We are also measuring the Refraction Ratio in humans at the scale of the entire brain across networks of brain regions.
We have designed a visual task to test if the brain slows down visual information that needs to travel between cortical hemispheres relative to information processed only on one side. This will allow us to test if the Refraction Ratio is also preserved at the whole brain scale.
Initial preliminary data is suggesting that it is.
To do the necessary measurements we use a unique and highly sophisticated brain imaging machine that measures magnetoencephalograms (MEG). Orthogonal to every electric field, like the one produced by the electrical activity in the brain, is always a magnetic field. The MEG measures the magnetic fields produced by the brain. But because they are so small - about a billionth the size of the earth's magnetic field - this instrument needs to be incredibly sensitive and highly shielded or the fields simply get lost in the much larger magnetic field of the earth.
MEG has sub-action potential temporal resolution, comparable to electroencephalography (EEG), but also has MRI scale spatial resolution. (EEG has great temporal resolution but poor spatial resolution.)
The MEG machine at UCSD - only one of three on the West coast of the United States - is the most shielded MEG in the world. It sits behind a six layer Faraday cage that weighs 26 tons.
New Machine Learning.
By taking advantage of what we are learning about the brain and how its algorithms optimize for the Refraction Ratio, we are leveraging the same mathematics to develop a conceptually new approach to data encoding and machine learning.
The core mathematical ideas and theory are allowing us to pursue engineering applications while we continue to study neurological disorders.

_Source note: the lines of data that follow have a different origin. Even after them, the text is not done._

lemma has_bochner_integral_mult_phi2:
  fixes q Q :: "real \<Rightarrow> real"
  assumes Q: "\<And>t. (Q has_real_derivative q t) (at t)" and q: "\<And>t. isCont q t"
    and bounded: "\<And>t. \<bar>q t\<bar> \<le> B"
    and period_increment: "\<And>n::nat. Q (2 * (real n + 1) * pi) - Q (2 * real n * pi) = K"
  shows "has_bochner_integral lborel (\<lambda>t. q t * phi2 t) (K / (2 * pi))"
proof -
  define P where "P n = {2 * real n * pi ..< 2 * (real n + 1) * pi}" for n
  have period: "has_bochner_integral lborel (\<lambda>t. q t * indicator (P n) t) K" for n
    using has_bochner_integral_FTC_Ico_real[of "2 * real n * pi" "2 * (real n + 1) * pi" Q q] Q q
    unfolding P_def period_increment by simp
  have period_abs: "(\<integral>t. \<bar>q t * indicator (P n) t\<bar> \<partial>lborel) \<le> B * (2 * pi)" for n
  proof -
    have "(\<integral>t. \<bar>q t * indicator (P n) t\<bar> \<partial>lborel) \<le> (\<integral>t. B * indicator (P n) t \<partial>lborel)"
      using period[of n] bounded
      by (intro integral_mono integrable_abs integrable_mult_right integrable_real_indicator)
        (auto simp: has_bochner_integral_iff P_def indicator_def abs_mult)
    also have "\<dots> = B * (2 * pi)"
      by (simp add: P_def algebra_simps)
    finally show ?thesis .
  qed
  have "has_bochner_integral lborel
      (\<lambda>t. q t * (\<Sum>n. 1 / (pi ^ 3 * real (Suc n) ^ 2) * indicator (P (Suc n)) t)) (1 / (6 * pi) * K)"
    by (rule has_bochner_integral_weighted_indicator_series[OF _ inverse_pi_cube_squares_sums
          period period_abs]) simp
  moreover have
    "has_bochner_integral lborel (\<lambda>t. 1 / (3 * pi) * (q t * indicator (P 0) t)) (1 / (3 * pi) * K)"
    by (intro has_bochner_integral_mult_right period)
  ultimately have "has_bochner_integral lborel (\<lambda>t. 1 / (3 * pi) * (q t * indicator (P 0) t)
      + q t * (\<Sum>n. 1 / (pi ^ 3 * real (Suc n) ^ 2) * indicator (P (Suc n)) t)) (K / (2 * pi))"
    using has_bochner_integral_add by fastforce
  then show ?thesis
    by (simp add: phi2_def P_def algebra_simps)
qed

The algorithms that form the base code for this new machine learning are capable of encoding and classifying information and data without prior training.
A piece of input data, like a picture, is transformed into a vector that then triggers activations of a subset of the input layer of a geometric artificial neural network. In our version of a neural network, properties like distances, latencies, and the Refraction Ratio matter, similar to how they are important in the brain.

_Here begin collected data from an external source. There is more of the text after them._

lemma nested_force_eq_0:
  assumes balance: "(\<Sum>j\<in>{..<16} - {p}. (m j * (1 / norm (nested_cubes t j - nested_cubes t p) ^ 3 - c))
                        *\<^sub>R (nested_cubes t j - nested_cubes t p)) = 0"
    and "p < 16" and p: "nested_cubes t p = b *\<^sub>R cube_vertex i" and "k < 3"
  shows "nested_force m t c b i k = 0"
proof -
  define f where "f j = (m j * (1 / norm (nested_cubes t j - nested_cubes t p) ^ 3 - c))
                          *\<^sub>R (nested_cubes t j - nested_cubes t p)" for j
  have "(\<Sum>j<16. f j) = f p + (\<Sum>j\<in>{..<16} - {p}. f j)"
    using \<open>p < 16\<close> by (intro sum.remove) auto
  then have "(\<Sum>j<16. f j) = 0" using balance by (simp add: f_def)
  then have total: "(\<Sum>j<8. f j) + (\<Sum>j<8. f (j + 8)) = 0"
    by (simp only: sum_lessThan_16_split)
  obtain n where n: "\<And>j. cube_vertex j $ n = bit_sign k j"
    using cube_vertex_coordinate[OF \<open>k < 3\<close>] by blast
  have outer: "f j $ n = m j * (inv_cube_dist 1 b (hamming i j) - c) * (bit_sign k j - b * bit_sign k i)"
    if "j < 8" for j
    by (simp add: f_def nested_cubes_outer[OF that] p norm_scaled_cube_vertex_diff inv_cube_dist_def n
        del: scaleR_one)
  have inner: "f (j + 8) $ n
      = m (j + 8) * (inv_cube_dist t b (hamming i j) - c) * (t * bit_sign k j - b * bit_sign k i)" for j
    by (simp add: f_def nested_cubes_inner p norm_scaled_cube_vertex_diff inv_cube_dist_def n)
  have "((\<Sum>j<8. f j) + (\<Sum>j<8. f (j + 8))) $ n = nested_force m t c b i k"
    by (simp add: nested_force_def outer inner)
  then show ?thesis using total by simp
qed

lemma central_configuration_nested_force:
  assumes "central_configuration 16 m (nested_cubes t)"
  obtains c where "\<And>i k. i < 8 \<Longrightarrow> k < 3 \<Longrightarrow> nested_force m t c 1 i k = 0"
    and "\<And>i k. i < 8 \<Longrightarrow> k < 3 \<Longrightarrow> nested_force m t c t i k = 0"
proof -
  obtain c where balance: "\<And>p. p < 16 \<Longrightarrow>
      (\<Sum>j\<in>{..<16} - {p}. (m j * (1 / norm (nested_cubes t j - nested_cubes t p) ^ 3 - c))
                            *\<^sub>R (nested_cubes t j - nested_cubes t p)) = 0"
    using assms unfolding central_configuration_def by blast
  show ?thesis
  proof (rule that[of c])
    show "nested_force m t c 1 i k = 0" if "i < 8" "k < 3" for i k
      by (rule nested_force_eq_0[OF balance[of i]]) (use that in \<open>simp_all add: nested_cubes_outer\<close>)
    show "nested_force m t c t i k = 0" if "i < 8" "k < 3" for i k
      by (rule nested_force_eq_0[OF balance[of "i + 8"]]) (use that in \<open>simp_all add: nested_cubes_inner\<close>)
  qed
qed

section \<open>The inequalities between the potentials\<close>

text \<open>Both bounds are instances of \<open>6 s V \<le> V\<^sup>2 + 9 s\<^sup>2\<close> for \<open>s = sqrt (U / 3)\<close>, with
  equality at \<open>V = 3 s\<close>.\<close>

lemma inverse_sqrt_cube_bounds:
  fixes U V :: real
  assumes "0 < U" "0 < V"
  shows "18 * V / (U * (V^2 + 3 * U)) \<le> 1 / sqrt (U / 3) ^ 3"
    and "1 / sqrt (U / 3) ^ 3 \<le> 3 * (V^2 + 3 * U) / (2 * U^2 * V)"
proof -
  define s where "s = sqrt (U / 3)"
  have s: "0 < s" and U: "U = 3 * s^2" using assms by (auto simp: s_def)
  have "0 \<le> (V - 3 * s)^2" by simp
  then have key: "6 * V * s \<le> V^2 + 9 * s^2"
    by (simp add: power2_eq_square algebra_simps)
  have pos: "0 < s^2 * (V^2 + 9 * s^2)" "0 < s^4 * V"
    using s assms by (simp_all add: add_nonneg_pos)
  show "18 * V / (U * (V^2 + 3 * U)) \<le> 1 / sqrt (U / 3) ^ 3"
  proof -
    have "U * (V^2 + 3 * U) = 3 * (s^2 * (V^2 + 9 * s^2))"
      unfolding U by (simp add: algebra_simps)
    then have "18 * V / (U * (V^2 + 3 * U)) = 6 * V / (s^2 * (V^2 + 9 * s^2))"
      by simp
    also have "\<dots> \<le> 1 / s^3"
      using mult_left_mono[OF key, of "s^2"] s pos
      by (simp add: divide_simps power3_eq_cube power2_eq_square algebra_simps)
    finally show ?thesis by (simp add: s_def)
  qed
  show "1 / sqrt (U / 3) ^ 3 \<le> 3 * (V^2 + 3 * U) / (2 * U^2 * V)"
  proof -
    have "1 / s^3 \<le> (V^2 + 9 * s^2) / (6 * s^4 * V)"
      using key s pos
      by (simp add: divide_simps power4_eq_xxxx power3_eq_cube power2_eq_square algebra_simps)
    also have "\<dots> = 3 * (V^2 + 3 * U) / (2 * U^2 * V)"
      unfolding U using s assms by (simp add: field_simps)
    finally show ?thesis by (simp add: s_def)
  qed
qed

text \<open>In both rational bounds, clearing denominators leaves \<open>r\<^sup>2\<close> resp. \<open>r\<^sup>3\<close> times a polynomial
  in \<open>r = w - 1\<close> with positive coefficients.\<close>

lemma rational_bound_1:
  fixes w :: real
  assumes w: "1 \<le> w"
  shows "w * (3 * ((2 + w)^2 + 3 * (2 + w^2)) / (2 * (2 + w^2)^2 * (2 + w)))
         + 3 * ((1 + 2 * w)^2 + 3 * (1 + 2 * w^2)) / (2 * (1 + 2 * w^2)^2 * (1 + 2 * w))
         \<le> 1 + 1 / w^2"
proof -
  define r where "r = w - 1"
  have r: "0 \<le> r" using w by (simp add: r_def)
  define A B C E where "A = 2 + w^2" "B = 1 + 2 * w^2" "C = 2 + w" "E = 1 + 2 * w"
  have pos: "0 < w" "0 < A" "0 < B" "0 < C" "0 < E"
    using w unfolding A_B_C_E_def by (auto intro: add_pos_nonneg)
  define X where
    "X = 1 + 1 / w^2 - w * (3 * (C^2 + 3 * A) / (2 * A^2 * C)) - 3 * (E^2 + 3 * B) / (2 * B^2 * E)"
  define D where "D = w^2 * (2 * A^2 * C) * (2 * B^2 * E)"
  have "X * D = r^2 * (3888 + r*(19440 + r*(47376 + r*(72864 + r*(77188 + r*(58188
                  + r*(31372 + r*(11892 + r*(3024 + r*(464 + r*32))))))))))"
    unfolding X_def D_def using pos
    by (simp add: field_simps) (unfold A_B_C_E_def r_def, algebra)
  also have "\<dots> \<ge> 0" using r by simp
  finally have "0 \<le> X * D" .
  moreover have "0 < D" unfolding D_def using pos by simp
  ultimately have "0 \<le> X" by (simp add: zero_le_mult_iff)
  then show ?thesis unfolding X_def A_B_C_E_def by simp
qed

lemma rational_bound_2:
  fixes w :: real
  assumes w: "1 \<le> w"
  shows "(2 + w) * (3 * ((2 + w)^2 + 3 * (2 + w^2)) / (2 * (2 + w^2)^2 * (2 + w)))
         \<le> 1 - 1 / w^2
            + (1 + 2 * w) * (18 * (1 + 2 * w) / ((1 + 2 * w^2) * ((1 + 2 * w)^2 + 3 * (1 + 2 * w^2))))"
proof -
  define r where "r = w - 1"
  have r: "0 \<le> r" using w by (simp add: r_def)
  define A B C E K where "A = 2 + w^2" "B = 1 + 2 * w^2" "C = 2 + w" "E = 1 + 2 * w"
    "K = (1 + 2 * w)^2 + 3 * (1 + 2 * w^2)"
  have pos: "0 < w" "0 < A" "0 < B" "0 < C" "0 < K"
    using w unfolding A_B_C_E_K_def by (auto intro: add_pos_nonneg add_nonneg_pos)
  define X where
    "X = 1 - 1 / w^2 + E * (18 * E / (B * K)) - C * (3 * (C^2 + 3 * A) / (2 * A^2 * C))"
  define D where "D = w^2 * (2 * A^2 * C) * (B * K)"
  have "X * D = r^3 * (6480 + r*(24732 + r*(42300 + r*(42456 + r*(27448 + r*(11732
                  + r*(3252 + r*(536 + r*40))))))))"
    unfolding X_def D_def using pos
    by (simp add: field_simps) (unfold A_B_C_E_K_def r_def, algebra)
  also have "\<dots> \<ge> 0" using r by simp
  finally have "0 \<le> X * D" .
  moreover have "0 < D" unfolding D_def using pos by simp
  ultimately have "0 \<le> X" by (simp add: zero_le_mult_iff)
  then show ?thesis unfolding X_def A_B_C_E_K_def by simp
qed

lemma potential_inequality_1:
  fixes w :: real
  assumes w: "1 \<le> w"
  shows "w / sqrt ((2 + w^2) / 3) ^ 3 + 1 / sqrt ((1 + 2 * w^2) / 3) ^ 3 \<le> 1 + 1 / w^2"
proof -
  have pos: "0 < w" "0 < 2 + w" "0 < 2 + w^2" "0 < 1 + 2 * w" "0 < 1 + 2 * w^2"
    using w by (auto intro: add_pos_nonneg)
  have "w * (1 / sqrt ((2 + w^2) / 3) ^ 3)
      \<le> w * (3 * ((2 + w)^2 + 3 * (2 + w^2)) / (2 * (2 + w^2)^2 * (2 + w)))"
    using pos by (intro mult_left_mono inverse_sqrt_cube_bounds(2)) auto
  moreover have "1 / sqrt ((1 + 2 * w^2) / 3) ^ 3
      \<le> 3 * ((1 + 2 * w)^2 + 3 * (1 + 2 * w^2)) / (2 * (1 + 2 * w^2)^2 * (1 + 2 * w))"
    using pos by (intro inverse_sqrt_cube_bounds(2)) auto
  ultimately show ?thesis using rational_bound_1[OF w] by simp
qed

lemma potential_inequality_2:
  fixes w :: real
  assumes w: "1 \<le> w"
  shows "(2 + w) / sqrt ((2 + w^2) / 3) ^ 3 \<le> 1 - 1 / w^2 + (1 + 2 * w) / sqrt ((1 + 2 * w^2) / 3) ^ 3"
proof -
  have pos: "0 < w" "0 < 2 + w" "0 < 2 + w^2" "0 < 1 + 2 * w" "0 < 1 + 2 * w^2"
    using w by (auto intro: add_pos_nonneg)
  have "(2 + w) * (1 / sqrt ((2 + w^2) / 3) ^ 3)
      \<le> (2 + w) * (3 * ((2 + w)^2 + 3 * (2 + w^2)) / (2 * (2 + w^2)^2 * (2 + w)))"
    using pos by (intro mult_left_mono inverse_sqrt_cube_bounds(2)) auto
  moreover have "(1 + 2 * w) * (18 * (1 + 2 * w) / ((1 + 2 * w^2) * ((1 + 2 * w)^2 + 3 * (1 + 2 * w^2))))
      \<le> (1 + 2 * w) * (1 / sqrt ((1 + 2 * w^2) / 3) ^ 3)"
    using pos by (intro mult_left_mono inverse_sqrt_cube_bounds(1)) auto
  ultimately show ?thesis using rational_bound_2[OF w] by simp
qed

lemma inv_cube_dist_outer_inner:
  assumes "0 < t" "t < 1"
  defines "w \<equiv> (1 + t) / (1 - t)"
  shows "inv_cube_dist t 1 h = 1 / sqrt ((3 + (w^2 - 1) * h) / 3) ^ 3 / (sqrt 3 * (1 - t)) ^ 3"
proof -
  have w4t: "(1 - t)^2 * (w^2 - 1) = 4 * t"
    using assms(1,2) unfolding w_def
    by (simp add: field_simps) (simp add: power2_eq_square power4_eq_xxxx algebra_simps)
  have square: "(sqrt 3 * (1 - t))^2 * ((3 + (w^2 - 1) * h) / 3) = 3 * (t - 1)^2 + 4 * t * 1 * h"
  proof -
    have "(sqrt 3 * (1 - t))^2 = 3 * (1 - t)^2" by (simp add: power_mult_distrib)
    then have "(sqrt 3 * (1 - t))^2 * ((3 + (w^2 - 1) * h) / 3)
        = 3 * (1 - t)^2 + (1 - t)^2 * (w^2 - 1) * h"
      by (simp add: field_simps)
    also have "\<dots> = 3 * (t - 1)^2 + 4 * t * 1 * h"
      by (simp only: w4t) (simp add: power2_commute)
    finally show ?thesis .
  qed
  have "sqrt (3 * (t - 1)^2 + 4 * t * 1 * h) = sqrt 3 * (1 - t) * sqrt ((3 + (w^2 - 1) * h) / 3)"
    using assms(2) by (simp only: square[symmetric] real_sqrt_mult) simp
  then show ?thesis by (simp add: inv_cube_dist_def power_mult_distrib)
qed

lemma outer_inner_krawtchouk_step_up:
  assumes "0 < t" "t < 1"
  defines "E \<equiv> inv_cube_dist t 1"
  shows "t * krawtchouk_transform 1 E \<le> krawtchouk_transform 2 E"
    and "t * krawtchouk_transform 2 E \<le> krawtchouk_transform 3 E"
proof -
  define w where "w = (1 + t) / (1 - t)"
  define K where "K = 1 / (sqrt 3 * (1 - t)) ^ 3"
  define a\<^sub>1 where "a\<^sub>1 = 1 / sqrt ((2 + w^2) / 3) ^ 3"
  define a\<^sub>2 where "a\<^sub>2 = 1 / sqrt ((1 + 2 * w^2) / 3) ^ 3"
  have w: "1 \<le> w" and tw: "1 + t = w * (1 - t)" and K: "0 < K"
    using assms by (simp_all add: w_def K_def field_simps)
  have E: "E 0 = K" "E 1 = K * a\<^sub>1" "E 2 = K * a\<^sub>2" "E 3 = K / w^3"
    using inv_cube_dist_outer_inner[OF assms(1,2), of 0] inv_cube_dist_outer_inner[OF assms(1,2), of 1]
      inv_cube_dist_outer_inner[OF assms(1,2), of 2] inv_cube_dist_outer_inner[OF assms(1,2), of 3] w
    unfolding E_def K_def a\<^sub>1_def a\<^sub>2_def w_def[symmetric] by (simp_all add: algebra_simps)
  have "krawtchouk_transform 2 E - t * krawtchouk_transform 1 E
      = (1 - t) * (E 0 - E 2) - (1 + t) * (E 1 - E 3)"
    unfolding krawtchouk_transform_eq by (simp add: algebra_simps)
  also have "\<dots> = K * (1 - t) * (1 + 1 / w^2 - (w * a\<^sub>1 + a\<^sub>2))"
    unfolding tw E using w by (simp add: field_simps power2_eq_square power3_eq_cube)
  also have "\<dots> \<ge> 0"
    using potential_inequality_1[OF w] K assms unfolding a\<^sub>1_def a\<^sub>2_def by simp
  finally show "t * krawtchouk_transform 1 E \<le> krawtchouk_transform 2 E" by simp
  have "krawtchouk_transform 3 E - t * krawtchouk_transform 2 E
      = (1 - t) * (E 0 - 2 * E 1 + E 2) - (1 + t) * (E 1 - 2 * E 2 + E 3)"
    unfolding krawtchouk_transform_eq by (simp add: algebra_simps)
  also have "\<dots> = K * (1 - t) * (1 - 1 / w^2 + (1 + 2 * w) * a\<^sub>2 - (2 + w) * a\<^sub>1)"
    unfolding tw E using w by (simp add: field_simps power2_eq_square power3_eq_cube)
  also have "\<dots> \<ge> 0"
    using potential_inequality_2[OF w] K assms unfolding a\<^sub>1_def a\<^sub>2_def by simp
  finally show "t * krawtchouk_transform 2 E \<le> krawtchouk_transform 3 E" by simp
qed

The triggered input neurons set off a cascading dynamics through the geometric network that 'carves' out a dynamic path that is unique to the input data that triggered it. These dynamic patterns are then encoded as a single point in a metric space. And because it is a metric space distances between points can be measured and back end classification algorithms (such as k-nearest neighbors or even other neural networks) can be used to determine how related different points in the metric space are to each other.

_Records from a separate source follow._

lemma card_separated_subset_image_ball:
  fixes \<phi> :: "'a::euclidean_space \<Rightarrow> 'a"
  assumes bl: "bi_lipschitz_homeo \<phi>" and pl: "preserves_lebesgue \<phi>" and "0 < r"
    and S: "S \<subseteq> \<phi> ` ball x0 r" "finite S" "pairwise (\<lambda>c d. 2 * (r / K_const \<phi>) \<le> dist c d) S"
  shows "card S * (r / K_const \<phi>) ^ DIM('a) \<le> (2 * r) ^ DIM('a)"
proof -
  let ?t = "r / K_const \<phi>" and ?V = "measure lebesgue (ball (0::'a) 1)"
  have "0 < K_const \<phi>" using K_const_ge_1[OF bl] by linarith
  have sub: "ball c ?t \<subseteq> \<phi> ` ball x0 (2 * r)" if c: "c \<in> S" for c
  proof -
    obtain b where b: "b \<in> ball x0 r" "c = \<phi> b" using c S(1) by auto
    have "ball c ?t \<subseteq> \<phi> ` ball b r"
      unfolding b(2) using bi_lipschitz_homeo_bij[OF bl] \<open>0 < K_const \<phi>\<close>
      by (intro ball_subset_image_ball dist_le_K_const_mult_dist[OF bl]) (auto simp: bij_def)
    also have "\<dots> \<subseteq> \<phi> ` ball x0 (2 * r)"
      using b(1) by (intro image_mono) metric
    finally show ?thesis .
  qed
  have "card S * (?t ^ DIM('a) * ?V) \<le> measure lebesgue (\<phi> ` ball x0 (2 * r))"
    using S \<open>0 < r\<close> \<open>0 < K_const \<phi>\<close> sub preserves_lebesgue_measure_image[OF pl lmeasurable_ball]
    by (intro card_separated_mult_measure_ball_le) auto
  also have "\<dots> = (2 * r) ^ DIM('a) * ?V"
    using \<open>0 < r\<close> content_ball_conv_unit_ball[of "2 * r" x0]
    by (simp add: preserves_lebesgue_measure_image[OF pl])
  finally show ?thesis by (simp add: mult.assoc[symmetric])
qed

Note that no training is required. If all you have is one piece of data, that encodes one point. If you have two, that's two points. If you have a million you'll have a well populated metric space to do post-encoding analyses on. There is learning taking place using spike timing dependent plasticity (STDP) at the level of the weights in the network as the dynamics converges to steady state. This takes a a few hundred milliseconds. But there is no need for training on a dataset.
Image recognition tasks with no training have classification accuracies as high at 97% on current results.
From an engineering perspective, we are interested in developing machines capable of inference and problem solving that can constructively collaborate with humans.
From an application perspective, we are particularly interested in computational efficiency, space research and exploration and national security applications. In all these these use cases, limited computational resources, incomplete and sparse data insufficient for training, and the need for genuine human-machine collaboration will be critical.
"Science does not know its debt to imagination."